§ **WHAT NEEDS TO BE DONE**
Work through the entries below and show every line in which "intro" is found.

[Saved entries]
=====

lemma sum_amp_norm_product_sq_le:
  "(\<Sum>w\<in>vspace d - {\<lambda>_. 0}. \<Sum>z\<in>vspace d. \<Sum>s\<in>UNIV - {0}.
      (amp_norm \<phi> z * amp_norm \<phi> (\<lambda>i. z i + s * w i))\<^sup>2) \<le> real (card (UNIV :: 'f set)) - 1"
proof -
  have tr: "(\<Sum>w\<in>vspace d - {\<lambda>_. 0}. (amp_norm \<phi> (\<lambda>i. z i + s * w i))\<^sup>2) \<le> 1"
    if "z \<in> vspace d" "s \<noteq> 0" for z and s :: 'f
    using sum_nonzero_translate_le[OF that, of "\<lambda>x. (amp_norm \<phi> x)\<^sup>2"] norm
    by (simp add: amp_norm_sq sum_nonneg)
  have "(\<Sum>w\<in>vspace d - {\<lambda>_. 0}. \<Sum>z\<in>vspace d. \<Sum>s\<in>UNIV - {0}.
      (amp_norm \<phi> z * amp_norm \<phi> (\<lambda>i. z i + s * w i))\<^sup>2)
      = (\<Sum>z\<in>vspace d. (amp_norm \<phi> z)\<^sup>2
           * (\<Sum>s\<in>UNIV - {0}. \<Sum>w\<in>vspace d - {\<lambda>_. 0}. (amp_norm \<phi> (\<lambda>i. z i + s * w i))\<^sup>2))"
    by (simp add: sum.swap[of _ "vspace d - {\<lambda>_. 0}"] sum_distrib_left power_mult_distrib)
  also have "\<dots> \<le> (\<Sum>z\<in>vspace d. (amp_norm \<phi> z)\<^sup>2 * (\<Sum>s\<in>UNIV - {0::'f}. 1))"
    using tr by (intro sum_mono mult_left_mono) auto
  also have "\<dots> = real (card (UNIV :: 'f set)) - 1"
    using norm card_UNIV_field_ge_2[where 'f='f]
    by (simp add: amp_norm_sq card_nonzero_field of_nat_diff flip: sum_distrib_right)
  finally show ?thesis .
qed

lemma sum_line_amp_ratio_product_sq_le:
  "(\<Sum>w\<in>vspace d - {\<lambda>_. 0}. \<Sum>z\<in>vspace d. \<Sum>s\<in>UNIV - {0}.
      (line_amp_ratio \<phi> g z w * line_amp_ratio \<phi> g (\<lambda>i. z i + s * w i) w)\<^sup>2)
     \<le> (real (card (UNIV :: 'f set)) - 1)\<^sup>2 * line_weight \<phi> g d"
proof -
  let ?r = "line_amp_ratio \<phi> g"
  have "(?r z w * ?r (\<lambda>i. z i + s * w i) w)\<^sup>2 \<le> (?r z w)\<^sup>2"
    if "z \<in> vspace d" "w \<in> vspace d" for z w s
  proof -
    have "(\<lambda>i. z i + s * w i) \<in> vspace d" using that by (simp add: vspace_def)
    then have "?r (\<lambda>i. z i + s * w i) w \<le> 1" using pos line_amp_ratio_le_1 by blast
    then have "(?r (\<lambda>i. z i + s * w i) w)\<^sup>2 \<le> 1"
      by (rule power_le_one[OF line_amp_ratio_nonneg])
    then show ?thesis by (simp add: power_mult_distrib mult_left_le)
  qed
  then have "(\<Sum>w\<in>vspace d - {\<lambda>_. 0}. \<Sum>z\<in>vspace d. \<Sum>s\<in>UNIV - {0}. (?r z w * ?r (\<lambda>i. z i + s * w i) w)\<^sup>2)
      \<le> (\<Sum>w\<in>vspace d - {\<lambda>_. 0}. \<Sum>z\<in>vspace d. \<Sum>s\<in>UNIV - {0::'f}. (?r z w)\<^sup>2)"
    by (intro sum_mono) auto
  also have "\<dots> = (real (card (UNIV :: 'f set)) - 1) * (\<Sum>z\<in>vspace d. \<Sum>w\<in>vspace d - {\<lambda>_. 0}. (?r z w)\<^sup>2)"
    using card_UNIV_field_ge_2[where 'f='f]
    by (simp add: card_nonzero_field of_nat_diff sum_distrib_left sum.swap[of _ "vspace d - {\<lambda>_. 0}"])
  also have "(\<Sum>z\<in>vspace d. \<Sum>w\<in>vspace d - {\<lambda>_. 0}. (?r z w)\<^sup>2)
      = (\<Sum>z\<in>vspace d. (real (card (UNIV :: 'f set)) - 1)
           * (\<Sum>l\<in>{l\<in>lines d. z \<in> l}. (cmod (\<phi> z (g l z)))\<^sup>2 / (amp_norm \<phi> z)\<^sup>2))"
    by (rule sum.cong[OF refl]) (rule sum_line_amp_ratio_sq)
  also have "(real (card (UNIV :: 'f set)) - 1) * \<dots> = (real (card (UNIV :: 'f set)) - 1)\<^sup>2 * line_weight \<phi> g d"
    by (simp add: line_weight_def sum_distrib_left power2_eq_square mult.assoc)
  finally show ?thesis .
qed
(* Let $h\in\mathcal{C}^\infty(\mathbb{R},\mathbb{R})$ and $\alpha\in\mathbb{R}$. Let $\phi,F\in\mathcal{C}^\infty(\mathbb{R}^3,\mathbb{R})$ be functions of $(t,x,y)$, and set $\psi=(\psi_1,\psi_2)=0$. Assume that \[ \cos\alpha\,\frac{\partial\phi}{\partial t}+\cos\alpha\,\frac{\partial\phi}{\partial x}+\sin\alpha\,\frac{\partial\phi}{\partial y}=\sin\alpha\,F,\qquad \sin\alpha\,\frac{\partial\phi}{\partial t}-\sin\alpha\,\frac{\partial\phi}{\partial x}+\cos\alpha\,\frac{\partial\phi}{\partial y}=-\cos\alpha\,F, \] and $F+h'(\phi)=0$ (these are the component form of the conditions $(\cos\alpha\,\tau_1+\sin\alpha\,\tau_2)\Phi=0$, $\psi=0$, $F+h'(\phi)=0$ for the superfield $\Phi=\phi+\theta^1\psi_1+\theta^2\psi_2+\theta^1\theta^2F$ on $\mathbb{R}^{3|2}$). Then $(\phi,\psi,F)$ solves the Euler--Lagrange system \[ \square\phi+h''(\phi)h'(\phi)+h'''(\phi)\psi_1\psi_2=0,\qquad \mathcal{D}\psi-h''(\phi)\psi=0,\qquad F+h'(\phi)=0; \] in particular $\square\phi+h''(\phi)h'(\phi)=0$.
   Context: $\square:=\frac{\partial^2}{\partial t^2}-\frac{\partial^2}{\partial x^2}-\frac{\partial^2}{\partial y^2}$. On $\mathbb{R}^{3|2}$ with even coordinates $t,x,y$ and odd coordinates $\theta^1,\theta^2$, $\tau_1=\partial_{\theta^1}+\theta^1(\partial_t+\partial_x)+\theta^2\partial_y$ and $\tau_2=\partial_{\theta^2}+\theta^1\partial_y+\theta^2(\partial_t-\partial_x)$. With $\partial_{11}=\partial_t+\partial_x$, $\partial_{22}=\partial_t-\partial_x$, $\partial_{12}=\partial_{21}=\partial_y$, the operator $\mathcal{D}$ acts on pairs $\psi=(\psi_1,\psi_2)$ by $(\mathcal{D}\psi)_1=\partial_{12}\psi_1-\partial_{11}\psi_2$, $(\mathcal{D}\psi)_2=\partial_{22}\psi_1-\partial_{12}\psi_2$. The Euler--Lagrange system above is that of the action $\int d^3x\,d^2\theta\,(\tfrac14\epsilon^{ab}D_a\Phi D_b\Phi+\Phi^*h)$. *)

theory Defs
  imports "HOL-Analysis.Analysis"
begin

definition pd_t :: "(real \<Rightarrow> real \<Rightarrow> real \<Rightarrow> real) \<Rightarrow> real \<Rightarrow> real \<Rightarrow> real \<Rightarrow> real" where
  "pd_t f = (\<lambda>t x y. deriv (\<lambda>s. f s x y) t)"

definition pd_x :: "(real \<Rightarrow> real \<Rightarrow> real \<Rightarrow> real) \<Rightarrow> real \<Rightarrow> real \<Rightarrow> real \<Rightarrow> real" where
  "pd_x f = (\<lambda>t x y. deriv (\<lambda>s. f t s y) x)"

definition pd_y :: "(real \<Rightarrow> real \<Rightarrow> real \<Rightarrow> real) \<Rightarrow> real \<Rightarrow> real \<Rightarrow> real \<Rightarrow> real" where
  "pd_y f = (\<lambda>t x y. deriv (\<lambda>s. f t x s) y)"

coinductive smooth1 :: "(real \<Rightarrow> real) \<Rightarrow> bool" where
  "(\<forall>z. h differentiable at z) \<Longrightarrow> smooth1 (deriv h) \<Longrightarrow> smooth1 h"

coinductive smooth3 :: "(real \<Rightarrow> real \<Rightarrow> real \<Rightarrow> real) \<Rightarrow> bool" where
  "(\<forall>t x y. (\<lambda>(a, b, c). f a b c) differentiable at (t, x, y))
   \<Longrightarrow> smooth3 (pd_t f) \<Longrightarrow> smooth3 (pd_x f) \<Longrightarrow> smooth3 (pd_y f) \<Longrightarrow> smooth3 f"

definition wave_box :: "(real \<Rightarrow> real \<Rightarrow> real \<Rightarrow> real) \<Rightarrow> real \<Rightarrow> real \<Rightarrow> real \<Rightarrow> real" where
  "wave_box f = (\<lambda>t x y. pd_t (pd_t f) t x y - pd_x (pd_x f) t x y - pd_y (pd_y f) t x y)"

text \<open>The operator D on pairs (psi1, psi2), with d11 = d_t + d_x, d22 = d_t - d_x,
  d12 = d21 = d_y.\<close>
definition Dop1 :: "(real \<Rightarrow> real \<Rightarrow> real \<Rightarrow> real) \<Rightarrow> (real \<Rightarrow> real \<Rightarrow> real \<Rightarrow> real) \<Rightarrow> real \<Rightarrow> real \<Rightarrow> real \<Rightarrow> real" where
  "Dop1 \<psi>1 \<psi>2 = (\<lambda>t x y. pd_y \<psi>1 t x y - (pd_t \<psi>2 t x y + pd_x \<psi>2 t x y))"

definition Dop2 :: "(real \<Rightarrow> real \<Rightarrow> real \<Rightarrow> real) \<Rightarrow> (real \<Rightarrow> real \<Rightarrow> real \<Rightarrow> real) \<Rightarrow> real \<Rightarrow> real \<Rightarrow> real \<Rightarrow> real" where
  "Dop2 \<psi>1 \<psi>2 = (\<lambda>t x y. (pd_t \<psi>1 t x y - pd_x \<psi>1 t x y) - pd_y \<psi>2 t x y)"

definition EL_system :: "(real \<Rightarrow> real) \<Rightarrow> (real \<Rightarrow> real \<Rightarrow> real \<Rightarrow> real) \<Rightarrow>
    (real \<Rightarrow> real \<Rightarrow> real \<Rightarrow> real) \<Rightarrow> (real \<Rightarrow> real \<Rightarrow> real \<Rightarrow> real) \<Rightarrow>
    (real \<Rightarrow> real \<Rightarrow> real \<Rightarrow> real) \<Rightarrow> bool" where
  "EL_system h \<phi> \<psi>1 \<psi>2 F \<longleftrightarrow>
     (\<forall>t x y. wave_box \<phi> t x y + deriv (deriv h) (\<phi> t x y) * deriv h (\<phi> t x y)
        + deriv (deriv (deriv h)) (\<phi> t x y) * \<psi>1 t x y * \<psi>2 t x y = 0) \<and>
     (\<forall>t x y. Dop1 \<psi>1 \<psi>2 t x y - deriv (deriv h) (\<phi> t x y) * \<psi>1 t x y = 0) \<and>
     (\<forall>t x y. Dop2 \<psi>1 \<psi>2 t x y - deriv (deriv h) (\<phi> t x y) * \<psi>2 t x y = 0) \<and>
     (\<forall>t x y. F t x y + deriv h (\<phi> t x y) = 0)"

end

theory Submission
  imports Defs
begin
(* Let $q(z)$ be a monic real polynomial of degree $p$ with $q(1)=0$, let $r(z)$ be a polynomial of degree $p-1$, and let $\ell>0$. Then there exist a constant $C_0>0$, depending only on $q$, $r$ and $\ell$, and some $\mu_0\in(0,\ell)$, such that for every $\mu\in(0,\mu_0)$, $$\sup_{\nu\in[\mu,\ell]}\rho\big(q(z)-\nu\, r(z)\big)\ge 1-C_0\frac{\mu}{\ell}.$$
   Context: For a polynomial $s(z)$, $\rho(s)$ denotes the maximum modulus of a (complex) root of $s$. *)

theory Defs
  imports "HOL-Computational_Algebra.Computational_Algebra"
begin

definition root_radius :: "complex poly \<Rightarrow> real" where
  "root_radius s = Max {norm z | z. poly s z = 0}"

end

theory Submission
  imports Defs
begin

text \<open>Let k be the multiplicity of 1 as a root of q. Then h = q^(k-1) has a simple root at 1,
  so by the intermediate value theorem h - mu r^(k-1) = (q - mu r)^(k-1) has a real root x with
  |x - 1| <= C mu. By the half-plane form of the Gauss-Lucas theorem, q - mu r has a root z with
  Re z >= x, hence rho(q - mu r) >= 1 - C mu. The supremum over nu in [mu, l] dominates the value
  at nu = mu; it is finite because Cauchy's bound bounds the roots of the monic polynomials
  q - nu r uniformly in nu.\<close>

lemma poly_map_poly_of_real:
  "poly (map_poly of_real p) (of_real x) = (of_real (poly p x) :: 'a::real_field)"
  by (induction p) (auto simp: map_poly_pCons)

lemma pderiv_map_poly_of_real:
  "pderiv (map_poly of_real p) = (map_poly of_real (pderiv p) :: 'a::real_field poly)"
  by (rule poly_eqI) (simp add: coeff_map_poly coeff_pderiv)

lemma higher_pderiv_map_poly_of_real:
  "(pderiv ^^ n) (map_poly of_real p) = (map_poly of_real ((pderiv ^^ n) p) :: 'a::real_field poly)"
  by (induction n) (simp_all add: pderiv_map_poly_of_real)

lemma higher_pderiv_diff:
  fixes p q :: "'a::idom poly"
  shows "(pderiv ^^ n) (p - q) = (pderiv ^^ n) p - (pderiv ^^ n) q"
  by (induction n arbitrary: p q) (simp_all del: funpow.simps add: funpow_Suc_right pderiv_diff)

lemma order_higher_pderiv:
  fixes p :: "'a::{idom,semiring_char_0} poly"
  assumes "p \<noteq> 0" "j < order a p"
  shows "(pderiv ^^ j) p \<noteq> 0 \<and> order a ((pderiv ^^ j) p) = order a p - j"
  using assms(2)
proof (induction j)
  case (Suc j)
  define Q where "Q = (pderiv ^^ j) p"
  have Q: "Q \<noteq> 0" "order a Q = order a p - j" using Suc by (simp_all add: Q_def)
  with Suc.prems have "order a Q \<ge> 2" by linarith
  with Q have "poly Q a = 0" "degree Q \<ge> 2"
    using order_root order_degree[of Q a] by fastforce+
  then have "pderiv Q \<noteq> 0" "order a Q = Suc (order a (pderiv Q))"
    using order_pderiv[OF \<open>Q \<noteq> 0\<close>] by (auto simp: pderiv_eq_0_iff)
  with Q show ?case by (simp add: Q_def)
qed (simp add: assms(1))

lemma poly_pderiv_prod_linear_div:
  fixes A :: "'a::field multiset"
  assumes "z \<notin># A"
  shows "poly (pderiv (\<Prod>x\<in>#A. [:-x, 1:])) z / poly (\<Prod>x\<in>#A. [:-x, 1:]) z = (\<Sum>x\<in>#A. 1 / (z - x))"
  using assms
proof (induction A)
  case (add w A)
  define P where "P = (\<Prod>x\<in>#A. [:-x, 1:])"
  have "poly P z \<noteq> 0" "z \<noteq> w" using add.prems by (auto simp: P_def poly_prod_mset)
  moreover have "poly (pderiv ([:-w, 1:] * P)) z = poly P z + (z - w) * poly (pderiv P) z"
    unfolding pderiv_mult by (simp add: pderiv_pCons algebra_simps)
  moreover have "poly ([:-w, 1:] * P) z = (z - w) * poly P z" by (simp add: algebra_simps)
  ultimately have "poly (pderiv ([:-w, 1:] * P)) z / poly ([:-w, 1:] * P) z
      = 1 / (z - w) + poly (pderiv P) z / poly P z"
    by (simp only:) (simp add: field_simps)
  with add show ?case by (simp add: P_def)
qed simp
(* Suppose $\kappa^2(1-\gamma)^H<1$ and the disturbance-action policy is implemented with parameters $\bm M_t\in\mathcal M$ for all $t$. Let $J_T(\bm M_{0:T})=\mathbb E[\sum_{t=0}^Tc_t(x_t,u_t)]$ be the resulting expected total cost. Then $$\Big|J_T(\bm M_{0:T})-\sum_{t=0}^Tf_t(\bm M_{t-H:t})\Big|\le TGb^2\kappa^2(1-\gamma)^H(1+\kappa),$$ where $b=\frac{\kappa\sqrt n\,\bar w(\kappa^2+2\kappa^5\kappa_B\sqrt{mn}H)}{(1-\kappa^2(1-\gamma)^H)\gamma}+\frac{2\sqrt{mn}\kappa^3\bar w}{\gamma}$.
   Context: System $x_{t+1}=Ax_t+Bu_t+w_t$, $A\in\mathbb R^{n\times n}$, $B\in\mathbb R^{n\times m}$, $x_0=0$, $t=0,\dots,T$; $w_t$ i.i.d. with $\|w_t\|_\infty\le\bar w$, $\bar w>0$. Costs: each $c_t$ is convex and differentiable on $\mathbb R^n\times\mathbb R^m$, and there is $G>0$ with $\|\nabla_xc_t(x,u)\|_2,\|\nabla_uc_t(x,u)\|_2\le Gb'$ whenever $\|x\|_2,\|u\|_2\le b'$ (for any $b'>0$). Matrix $\|\cdot\|_\infty$ = max absolute row sum, $\|\cdot\|_2$ spectral norm. For $\kappa\ge1$, $\gamma\in(0,1)$, $K$ is $(\kappa,\gamma)$-strongly stable if $A-BK=Q^{-1}LQ$ with $\|L\|_2\le1-\gamma$, $\max(\|Q\|_2,\|Q^{-1}\|_2,\|K\|_2)\le\kappa$; $\kappa_B=\max(\|B\|_2,1)$. Fix $(\kappa,\gamma)$-strongly stable $\mathbb K$, $A_{\mathbb K}=A-B\mathbb K$, $H\ge1$. Parameters $\bm M=(M^{[1]},\dots,M^{[H]})$, $M^{[i]}\in\mathbb R^{m\times n}$; $\mathcal M=\{\bm M:\|M^{[i]}\|_\infty\le2\sqrt n\kappa^3(1-\gamma)^{i-1}\}$; implementing $\bm M_t$ means $u_t=-\mathbb Kx_t+\sum_{i=1}^HM_t^{[i]}w_{t-i}$ with $w_s=0$ for $s<0$. $\Phi^x_k(\bm M_{t-H:t-1})=A_{\mathbb K}^{k-1}\mathds1_{(k\le H)}+\sum_{i=1}^HA_{\mathbb K}^{i-1}BM_{t-i}^{[k-i]}\mathds1_{(1\le k-i\le H)}$, $\Phi^u_k(\bm M_{t-H:t})=M_t^{[k]}\mathds1_{(k\le H)}-\mathbb K\Phi^x_k(\bm M_{t-H:t-1})$; approximate state and action $\tilde x_t=\sum_{k=1}^{2H}\Phi^x_k(\bm M_{t-H:t-1})w_{t-k}$, $\tilde u_t=\sum_{k=1}^{2H}\Phi^u_k(\bm M_{t-H:t})w_{t-k}$; $f_t(\bm M_{t-H:t})=\mathbb E[c_t(\tilde x_t,\tilde u_t)]$. *)

theory Defs
  imports "HOL-Analysis.Analysis" "HOL-Probability.Probability"
begin

definition spec_norm :: "real^'a^'b \<Rightarrow> real" where
  "spec_norm M = onorm (\<lambda>x. M *v x)"

definition mat_inf_norm :: "real^'a^'b \<Rightarrow> real" where
  "mat_inf_norm M = Max (range (\<lambda>i. \<Sum>j\<in>UNIV. \<bar>M $ i $ j\<bar>))"

text \<open>Matrix powers (the type real^'n^'n has componentwise multiplication, so we define them).\<close>
fun mpow :: "real^'n^'n \<Rightarrow> nat \<Rightarrow> real^'n^'n" where
  "mpow X 0 = mat 1"
| "mpow X (Suc k) = X ** mpow X k"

=====

§ **SOLVED EXERCISE**
    using tr by (intro sum_mono mult_left_mono) auto
    by (intro sum_mono) auto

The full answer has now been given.